<center><h1> GUIDE </h1></center>

### Onehot Encoding and dropping obvious first feature

In [None]:
# One hot Encoding and dropping first feature

def enc(feature):
    dummy = pd.get_dummies(df_train[[feature]],drop_first=True)
    return dummy

airline_dummy = enc('Airline')
source_dummy = enc('Source')
destination_dummy = enc('Destination')
total_stops_dummy = enc('Total_Stops')

# Concat encoded columms to original dataframe

df_train_new = pd.concat([df_train,airline_dummy,source_dummy,destination_dummy,total_stops_dummy],axis=1)

### CatPlot - Categorical vs continuous plotting to check outliers and value counts

In [None]:
sns.catplot(y='Price',x='Airline',data=df_train.sort_values('Price',ascending=False),kind='boxen',height=6,aspect=3)
plt.show()

### Heatmap - plotting heatmap for correlation matrix using matplotlib and seaborn

In [None]:
plt.figure(figsize=(10,12))
sns.heatmap(df_train1.corr(), annot=True, cmap='RdYlGn')

### Multi-Collinearity - Variation Inflation factor for multicollinearity

In [None]:
# Multicollinearity VIF

from statsmodels.stats.outliers_influence import variance_inflation_factor

def vif(X):
    vif = pd.DataFrame()
    vif['variables'] = X.columns
    vif['vif'] = [variance_inflation_factor(X.values,i) for i in range(X.shape[1])]
    return vif

### Metrics from Sklearn

In [None]:
from sklearn import metrics

print('MSE',metrics.mean_squared_error(y_test,y_pred))
print('R2',metrics.r2_score(y_test,y_pred))
print('Adjusted R2', 1 - ((1 - metrics.r2_score(y_test,y_pred)) * (len(X_test) - 1) / (len(X_test) - X_test.shape[1] - 1)))

### Cross Validation(CV) - K-fold RandomizedSearchCV

In [None]:
from sklearn.model_selection import RandomizedSearchCV

# Number of trees in random forest
n_estimators = [int(x) for x in np.linspace(start=200, stop=2000, num=10)]
# Number of features to considers at every split
max_features = ['auto','sqrt']
# Maximum number of levels in a tree
max_depth = [int(x) for x in np.linspace(start=10, stop=110, num=11)]
max_depth.append(None)
# Minimum number of samples required to split a node
min_samples_split = [2,5,10]
# Minimum number of samples required at leaf node
min_samples_leaf = [1,2,4]
# Method of selecting samples for training each tree
bootstrap = [True, False]

# Create Random Grid
random_grid = {'n_estimators':n_estimators,
              'max_features':max_features,
              'max_depth':max_depth,
              'min_samples_split':min_samples_split,
              'min_samples_leaf':min_samples_leaf,
              'bootstrap':bootstrap}

print(random_grid)

rf = RandomForestRegressor

rf_random = RandomizedSearchCV(estimator = rf, param_distributions = random_grid, n_iter = 10, cv = 3,
                              verbose = 2, random_state = 42, n_jobs = -1)

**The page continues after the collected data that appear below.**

(* There is a finite magma satisfying $\mathrm{x}\simeq\mathrm{y}\diamond((\mathrm{y}\diamond(\mathrm{x}\diamond\mathrm{x}))\diamond\mathrm{y})$ but not $\mathrm{x}\simeq(\mathrm{x}\diamond\mathrm{x})\diamond((\mathrm{x}\diamond\mathrm{x})\diamond\mathrm{x})$. In particular, the first law does not imply the second, even for finite magmas.
   Context: A magma is a set with a binary operation $\diamond$; it satisfies a law if the identity holds for all assignments of the variables to elements of the magma. *)

theory Defs
  imports Main
begin

definition magma :: "'a set \<Rightarrow> ('a \<Rightarrow> 'a \<Rightarrow> 'a) \<Rightarrow> bool" where
  "magma M op \<longleftrightarrow> (\<forall>x\<in>M. \<forall>y\<in>M. op x y \<in> M)"

definition law1 :: "'a set \<Rightarrow> ('a \<Rightarrow> 'a \<Rightarrow> 'a) \<Rightarrow> bool" where
  "law1 M op \<longleftrightarrow> (\<forall>x\<in>M. \<forall>y\<in>M. x = op y (op (op y (op x x)) y))"

definition law2 :: "'a set \<Rightarrow> ('a \<Rightarrow> 'a \<Rightarrow> 'a) \<Rightarrow> bool" where
  "law2 M op \<longleftrightarrow> (\<forall>x\<in>M. x = op (op x x) (op (op x x) x))"

end

theory Submission
  imports Defs "HOL-Library.Numeral_Type"
begin

text \<open>The magma lives on \<open>\<int>/5 \<times> \<int>/5\<close> with
  \<open>(q, a) \<diamond> (r, b) = (4 + 3q + 4r, 3a + 4b + g q r)\<close>. For \<open>g = 0\<close> both coordinates
  are affine magmas satisfying both laws; for general \<open>g\<close> each law still holds up to an
  additive error in the second coordinate that is linear in \<open>g\<close>. The first law thus
  amounts to 25 homogeneous linear equations on the 25 values of \<open>g\<close>, and \<open>cocycle\<close> is a
  solution (found by linear algebra over \<open>\<int>/5\<close>) whose error for the second law is nonzero.
  Being finite, the magma can then be copied onto a set of natural numbers.\<close>

lemma iso_law1_law2_iff:
  assumes "bij_betw h M N" and "magma M f"
    and hom: "\<And>x y. x \<in> M \<Longrightarrow> y \<in> M \<Longrightarrow> h (f x y) = op (h x) (h y)"
  shows "law1 M f \<longleftrightarrow> law1 N op" and "law2 M f \<longleftrightarrow> law2 N op"
proof -
  have inj: "inj_on h M" and N: "N = h ` M"
    using assms(1) by (auto simp: bij_betw_def)
  have closed: "\<And>x y. x \<in> M \<Longrightarrow> y \<in> M \<Longrightarrow> f x y \<in> M"
    using assms(2) by (simp add: magma_def)
  have eq_iff: "\<And>x z. x \<in> M \<Longrightarrow> z \<in> M \<Longrightarrow> x = z \<longleftrightarrow> h x = h z"
    using inj by (auto dest: inj_onD)
  have "law1 M f \<longleftrightarrow> (\<forall>x\<in>M. \<forall>y\<in>M. h x = op (h y) (op (op (h y) (op (h x) (h x))) (h y)))"
    unfolding law1_def by (simp add: eq_iff closed hom)
  also have "\<dots> \<longleftrightarrow> law1 N op"
    unfolding law1_def N by simp
  finally show "law1 M f \<longleftrightarrow> law1 N op" .
  have "law2 M f \<longleftrightarrow> (\<forall>x\<in>M. h x = op (op (h x) (h x)) (op (op (h x) (h x)) (h x)))"
    unfolding law2_def by (simp add: eq_iff closed hom)
  also have "\<dots> \<longleftrightarrow> law2 N op"
    unfolding law2_def N by simp
  finally show "law2 M f \<longleftrightarrow> law2 N op" .
qed

lemma finite_magma_copy_on_nat:
  fixes op :: "'a \<Rightarrow> 'a \<Rightarrow> 'a"
  assumes "finite N" and "magma N op"
  obtains M :: "nat set" and f where "finite M" and "magma M f"
    and "law1 M f \<longleftrightarrow> law1 N op" and "law2 M f \<longleftrightarrow> law2 N op"
proof -
  define M where "M = {0..<card N}"
  obtain h where h: "bij_betw h M N"
    using ex_bij_betw_nat_finite[OF assms(1)] unfolding M_def by blast
  define f where "f x y = the_inv_into M h (op (h x) (h y))" for x y
  have op_closed: "x \<in> M \<Longrightarrow> y \<in> M \<Longrightarrow> op (h x) (h y) \<in> N" for x y
    using assms(2) h by (auto simp: magma_def bij_betw_def)
  have "magma M f"
    unfolding magma_def f_def
    using h op_closed by (auto simp: bij_betw_def intro: the_inv_into_into)
  moreover have "h (f x y) = op (h x) (h y)" if "x \<in> M" "y \<in> M" for x y
    unfolding f_def using h op_closed[OF that] by (auto simp: bij_betw_def f_the_inv_into_f)
  ultimately show thesis
    using that[of M f] iso_law1_law2_iff[OF h] by (simp add: M_def)
qed

lemma of_int_mod_5: "(of_int (z mod 5) :: 5) = of_int z"
  by (simp add: bit1.of_int_eq)

lemma numeral_reduce_mod_5: "5 \<le> (numeral n :: int) \<Longrightarrow> (numeral n :: 5) = of_int (numeral n mod 5)"
  by (simp only: of_int_mod_5 of_int_numeral)

lemma exhaust_5: "(q::5) = 0 \<or> q = 1 \<or> q = 2 \<or> q = 3 \<or> q = 4"
proof (induction q rule: bit1_induct)
  case (of_int z)
  then have "z \<in> {0, 1, 2, 3, 4}" by auto
  then show ?case by auto
qed

definition twisted_op :: "(5 \<Rightarrow> 5 \<Rightarrow> 5) \<Rightarrow> 5 \<times> 5 \<Rightarrow> 5 \<times> 5 \<Rightarrow> 5 \<times> 5" where
  "twisted_op g x y = (4 + 3 * fst x + 4 * fst y, 3 * snd x + 4 * snd y + g (fst x) (fst y))"

definition law1_defect :: "(5 \<Rightarrow> 5 \<Rightarrow> 5) \<Rightarrow> 5 \<Rightarrow> 5 \<Rightarrow> 5" where
  "law1_defect g q r = 3 * g q q + 2 * g r (4 + 2 * q) + 4 * g (3 * q + 3 * r) r + g r (4 + 4 * q + 3 * r)"

definition law2_defect :: "(5 \<Rightarrow> 5 \<Rightarrow> 5) \<Rightarrow> 5 \<Rightarrow> 5" where
  "law2_defect g q = 4 * g (4 + 2 * q) q + g (4 + 2 * q) 1"

lemma twisted_op_law1_rhs:
  fixes g :: "5 \<Rightarrow> 5 \<Rightarrow> 5" and x y :: "5 \<times> 5"
  defines "op \<equiv> twisted_op g"
  shows "op y (op (op y (op x x)) y) = (fst x, snd x + law1_defect g (fst x) (fst y))"
proof -
  obtain q a r b where x: "x = (q, a)" and y: "y = (r, b)" by fastforce
  have "op x x = (4 + 2 * q, 2 * a + g q q)"
    by (simp add: op_def x twisted_op_def numeral_reduce_mod_5)
  moreover have "op y (4 + 2 * q, 2 * a + g q q)
      = (3 * q + 3 * r, 3 * a + 3 * b + 4 * g q q + g r (4 + 2 * q))"
    by (simp add: op_def y twisted_op_def numeral_reduce_mod_5)
  moreover have "op (3 * q + 3 * r, 3 * a + 3 * b + 4 * g q q + g r (4 + 2 * q)) y
      = (4 + 4 * q + 3 * r, 4 * a + 3 * b + 2 * g q q + 3 * g r (4 + 2 * q) + g (3 * q + 3 * r) r)"
    by (simp add: op_def y twisted_op_def numeral_reduce_mod_5)
  moreover have "op y (4 + 4 * q + 3 * r, 4 * a + 3 * b + 2 * g q q + 3 * g r (4 + 2 * q) + g (3 * q + 3 * r) r)
      = (q, a + law1_defect g q r)"
    by (simp add: op_def y twisted_op_def law1_defect_def numeral_reduce_mod_5)
  ultimately show ?thesis by (simp add: x y)
qed

lemma twisted_op_law2_rhs:
  fixes g :: "5 \<Rightarrow> 5 \<Rightarrow> 5" and x :: "5 \<times> 5"
  defines "op \<equiv> twisted_op g"
  shows "op (op x x) (op (op x x) x) = (fst x, snd x + law2_defect g (fst x))"
proof -
  obtain q a where x: "x = (q, a)" by fastforce
  have "op x x = (4 + 2 * q, 2 * a + g q q)"
    by (simp add: op_def x twisted_op_def numeral_reduce_mod_5)
  moreover have "op (4 + 2 * q, 2 * a + g q q) x = (1, 3 * g q q + g (4 + 2 * q) q)"
    by (simp add: op_def x twisted_op_def numeral_reduce_mod_5)
  moreover have "op (4 + 2 * q, 2 * a + g q q) (1, 3 * g q q + g (4 + 2 * q) q) = (q, a + law2_defect g q)"
    by (simp add: op_def twisted_op_def law2_defect_def numeral_reduce_mod_5)
  ultimately show ?thesis by (simp add: x)
qed

lemma law1_twisted_op_iff: "law1 UNIV (twisted_op g) \<longleftrightarrow> (\<forall>q r. law1_defect g q r = 0)"
  unfolding law1_def twisted_op_law1_rhs by (auto simp: prod_eq_iff)

lemma law2_twisted_op_iff: "law2 UNIV (twisted_op g) \<longleftrightarrow> (\<forall>q. law2_defect g q = 0)"
  unfolding law2_def twisted_op_law2_rhs by (auto simp: prod_eq_iff)

definition cocycle :: "5 \<Rightarrow> 5 \<Rightarrow> 5" where
  "cocycle q r = of_nat ([[0, 0, 0, 2, 0],
                          [4, 1, 2, 1, 0],
                          [0, 3, 0, 0, 1],
                          [0, 2, 3, 0, 0],
                          [0, 1, 0, 0, 0]] ! nat (Rep_bit1 q) ! nat (Rep_bit1 r))"

lemma law1_defect_cocycle: "law1_defect cocycle q r = 0"
  using exhaust_5[of q] exhaust_5[of r]
  by (elim disjE) (simp_all add: law1_defect_def cocycle_def bit1.Rep_numeral bit1.Rep_0 bit1.Rep_1)

lemma law2_defect_cocycle: "law2_defect cocycle 0 = 1"
  by (simp add: law2_defect_def cocycle_def bit1.Rep_numeral bit1.Rep_0 bit1.Rep_1)

theorem mainTheorem4:
  shows "\<exists>(M :: nat set) op. finite M \<and> magma M op \<and> law1 M op \<and> \<not> law2 M op"
proof -
  have "law1 UNIV (twisted_op cocycle)"
    by (simp add: law1_twisted_op_iff law1_defect_cocycle)
  moreover have "\<not> law2 UNIV (twisted_op cocycle)"
    by (auto simp: law2_twisted_op_iff law2_defect_cocycle intro: exI[of _ 0])
  moreover obtain M :: "nat set" and f where "finite M" "magma M f"
    "law1 M f \<longleftrightarrow> law1 UNIV (twisted_op cocycle)" "law2 M f \<longleftrightarrow> law2 UNIV (twisted_op cocycle)"
    by (rule finite_magma_copy_on_nat[of UNIV "twisted_op cocycle"]) (auto simp: magma_def)
  ultimately show ?thesis by blast
qed

end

rf_random.fit(X_train,y_train)

rf_random.best_params_

In [None]:
prediction = rf_random.predict(X_test)

### Saving model as Pickle file

In [None]:
# Saving model as pickle file
import pickle

file = open('flight.pkl', 'wb')

pickle.dump(rf_random, file)

### Loading Model from pickle file

In [None]:
# Loading model from pickle file
import pickle 

model = open('flight.pkl', 'rb')

rf_model = load(model)

### * Feature Scaling

Gradient based algorithms: 
    Algorithms like Linear Regression, Logistic Regression and Neural networks,etc. that use gradient descent as optimization technique require data to be scaled. "Have features on same scale can help the gradient descent to converge more quickly towards global minima".

Distance based algorithms:
    Algorithms like SVM, KNN, K-means,etc. are more affected by the range of features. This is because behind the scenes, they are calculating distance between data points to determine their similarity.
    
Tree base algorithms are fairly insensitive to the scale of features. Since there is no effect of other feature on split of a node in tree based algorithms, they are not effected by scale.
    
Two types of Feature scaling techniques:
    1. Normalization
    2. Standardization

Normalization: (ranges between 0 and 1) Normalization is good when your data is not following a gaussian distribution.
    Normalization is a scaling technique in which values are shifted and rescaled so that they end up ranging from 0 and 1. It is also known as Min Max Scaling.
    
    X' = (X - Xmin) / (Xmax-Xmin)
    where, Xmin = minimum value of the feature
           Xmax = maximum value of the feature
           X = Present value in the feature
           X' = New scaled value in the feature
           
Standardization: standardization is good when data is following gaussian distribution.
    It is another scaling technique where the values are centered around mean with a unit standard deviation. This means mean of the attribute becomes 0 and resultant standard deviation becomes 1.
    
    X' = (X - μ)/σ
    where, X' = New scaled value in the feature
           X = Present value in the feature
           μ = mean
           σ = standard deviation
           

    

### * Outliers

We generally define outliers as samples that are exceptionally far from the mainstream of the data.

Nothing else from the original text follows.